In the records below, find every line with the word "allI" and copy it.

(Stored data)
----

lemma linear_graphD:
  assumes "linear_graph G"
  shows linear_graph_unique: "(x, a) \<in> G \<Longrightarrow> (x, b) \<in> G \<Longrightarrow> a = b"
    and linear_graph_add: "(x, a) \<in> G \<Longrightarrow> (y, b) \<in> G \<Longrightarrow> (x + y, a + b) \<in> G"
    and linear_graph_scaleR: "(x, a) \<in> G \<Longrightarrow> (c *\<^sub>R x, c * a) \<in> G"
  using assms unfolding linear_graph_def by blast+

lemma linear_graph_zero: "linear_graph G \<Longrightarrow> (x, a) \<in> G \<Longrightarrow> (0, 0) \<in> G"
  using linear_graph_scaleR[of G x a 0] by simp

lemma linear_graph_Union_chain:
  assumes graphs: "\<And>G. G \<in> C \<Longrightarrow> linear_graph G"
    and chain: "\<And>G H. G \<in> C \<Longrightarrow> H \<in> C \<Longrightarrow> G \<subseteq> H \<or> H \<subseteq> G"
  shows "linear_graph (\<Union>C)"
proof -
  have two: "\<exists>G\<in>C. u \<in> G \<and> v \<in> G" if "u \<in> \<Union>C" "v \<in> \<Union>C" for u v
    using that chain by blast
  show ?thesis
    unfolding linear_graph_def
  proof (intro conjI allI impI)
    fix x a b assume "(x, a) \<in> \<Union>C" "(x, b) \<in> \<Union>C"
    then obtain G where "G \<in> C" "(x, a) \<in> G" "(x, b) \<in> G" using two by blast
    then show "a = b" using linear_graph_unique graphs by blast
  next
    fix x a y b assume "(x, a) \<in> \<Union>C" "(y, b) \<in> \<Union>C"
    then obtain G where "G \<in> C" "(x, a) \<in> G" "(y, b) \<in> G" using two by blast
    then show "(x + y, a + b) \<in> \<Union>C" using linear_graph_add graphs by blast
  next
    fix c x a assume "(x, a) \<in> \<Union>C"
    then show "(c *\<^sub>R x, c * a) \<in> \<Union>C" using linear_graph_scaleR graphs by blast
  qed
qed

----

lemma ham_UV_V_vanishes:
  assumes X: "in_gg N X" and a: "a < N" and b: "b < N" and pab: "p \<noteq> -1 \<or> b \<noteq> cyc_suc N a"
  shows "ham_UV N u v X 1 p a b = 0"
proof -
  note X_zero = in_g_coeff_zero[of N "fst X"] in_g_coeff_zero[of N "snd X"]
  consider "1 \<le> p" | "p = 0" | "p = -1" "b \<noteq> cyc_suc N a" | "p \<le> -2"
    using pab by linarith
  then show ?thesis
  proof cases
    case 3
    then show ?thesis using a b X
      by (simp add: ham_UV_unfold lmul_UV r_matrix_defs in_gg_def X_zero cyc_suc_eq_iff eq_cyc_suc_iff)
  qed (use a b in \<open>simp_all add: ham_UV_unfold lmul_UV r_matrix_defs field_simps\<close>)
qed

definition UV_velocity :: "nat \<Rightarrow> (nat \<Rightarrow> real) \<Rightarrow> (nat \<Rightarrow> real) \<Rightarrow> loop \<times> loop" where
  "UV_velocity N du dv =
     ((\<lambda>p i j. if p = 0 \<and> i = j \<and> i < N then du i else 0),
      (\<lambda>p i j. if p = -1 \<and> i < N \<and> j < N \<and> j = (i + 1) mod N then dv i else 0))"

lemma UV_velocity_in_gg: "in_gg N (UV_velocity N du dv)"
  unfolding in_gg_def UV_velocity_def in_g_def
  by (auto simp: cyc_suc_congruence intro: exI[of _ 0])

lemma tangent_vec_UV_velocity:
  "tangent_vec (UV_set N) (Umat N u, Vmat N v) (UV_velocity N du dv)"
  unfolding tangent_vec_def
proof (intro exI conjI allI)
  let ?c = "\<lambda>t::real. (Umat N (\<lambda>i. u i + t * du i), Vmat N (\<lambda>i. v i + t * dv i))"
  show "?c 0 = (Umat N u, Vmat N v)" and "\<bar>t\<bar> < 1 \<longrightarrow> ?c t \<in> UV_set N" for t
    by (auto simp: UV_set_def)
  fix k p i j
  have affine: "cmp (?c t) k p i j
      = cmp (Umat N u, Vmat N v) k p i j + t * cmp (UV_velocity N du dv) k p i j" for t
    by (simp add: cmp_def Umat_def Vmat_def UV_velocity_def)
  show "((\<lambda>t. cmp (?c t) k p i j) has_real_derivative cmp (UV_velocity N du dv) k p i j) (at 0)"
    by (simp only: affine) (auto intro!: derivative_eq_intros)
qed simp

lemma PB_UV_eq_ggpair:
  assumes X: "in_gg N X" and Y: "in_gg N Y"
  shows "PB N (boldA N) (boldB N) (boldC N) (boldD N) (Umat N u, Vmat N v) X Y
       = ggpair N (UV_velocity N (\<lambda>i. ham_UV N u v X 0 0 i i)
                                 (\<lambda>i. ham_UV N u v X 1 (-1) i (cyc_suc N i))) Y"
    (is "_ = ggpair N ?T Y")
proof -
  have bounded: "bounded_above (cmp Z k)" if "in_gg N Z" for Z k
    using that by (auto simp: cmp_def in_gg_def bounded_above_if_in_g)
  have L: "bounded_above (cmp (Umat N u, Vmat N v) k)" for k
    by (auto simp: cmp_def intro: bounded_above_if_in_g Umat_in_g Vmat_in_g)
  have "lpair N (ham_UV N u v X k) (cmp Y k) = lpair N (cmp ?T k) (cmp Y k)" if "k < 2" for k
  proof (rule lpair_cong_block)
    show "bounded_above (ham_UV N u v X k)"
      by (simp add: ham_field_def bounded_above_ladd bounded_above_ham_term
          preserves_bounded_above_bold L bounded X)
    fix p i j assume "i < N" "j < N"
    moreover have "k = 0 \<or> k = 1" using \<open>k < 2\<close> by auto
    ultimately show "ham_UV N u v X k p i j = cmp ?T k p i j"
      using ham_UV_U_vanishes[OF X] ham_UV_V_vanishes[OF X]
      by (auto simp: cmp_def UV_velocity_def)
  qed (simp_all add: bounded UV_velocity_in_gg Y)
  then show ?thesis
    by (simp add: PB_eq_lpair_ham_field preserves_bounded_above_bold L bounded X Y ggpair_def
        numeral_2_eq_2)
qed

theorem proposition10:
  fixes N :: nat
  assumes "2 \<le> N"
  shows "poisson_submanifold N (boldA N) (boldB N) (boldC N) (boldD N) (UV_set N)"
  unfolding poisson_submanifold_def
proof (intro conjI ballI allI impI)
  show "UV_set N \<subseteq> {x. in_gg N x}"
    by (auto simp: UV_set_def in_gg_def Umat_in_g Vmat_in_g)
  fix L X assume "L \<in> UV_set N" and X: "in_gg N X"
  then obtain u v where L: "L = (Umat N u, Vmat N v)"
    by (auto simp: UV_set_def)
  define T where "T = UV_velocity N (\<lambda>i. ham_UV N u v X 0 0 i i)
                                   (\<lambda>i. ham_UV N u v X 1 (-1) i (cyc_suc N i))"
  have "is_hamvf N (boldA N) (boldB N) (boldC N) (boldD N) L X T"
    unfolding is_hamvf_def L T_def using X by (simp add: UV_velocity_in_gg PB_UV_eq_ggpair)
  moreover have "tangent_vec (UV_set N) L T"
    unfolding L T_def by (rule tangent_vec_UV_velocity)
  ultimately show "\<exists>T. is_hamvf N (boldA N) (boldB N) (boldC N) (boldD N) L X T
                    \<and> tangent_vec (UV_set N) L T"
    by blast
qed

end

----

_Output of the exercise_
  proof (intro conjI allI impI)
proof (intro exI conjI allI)
proof (intro conjI ballI allI impI)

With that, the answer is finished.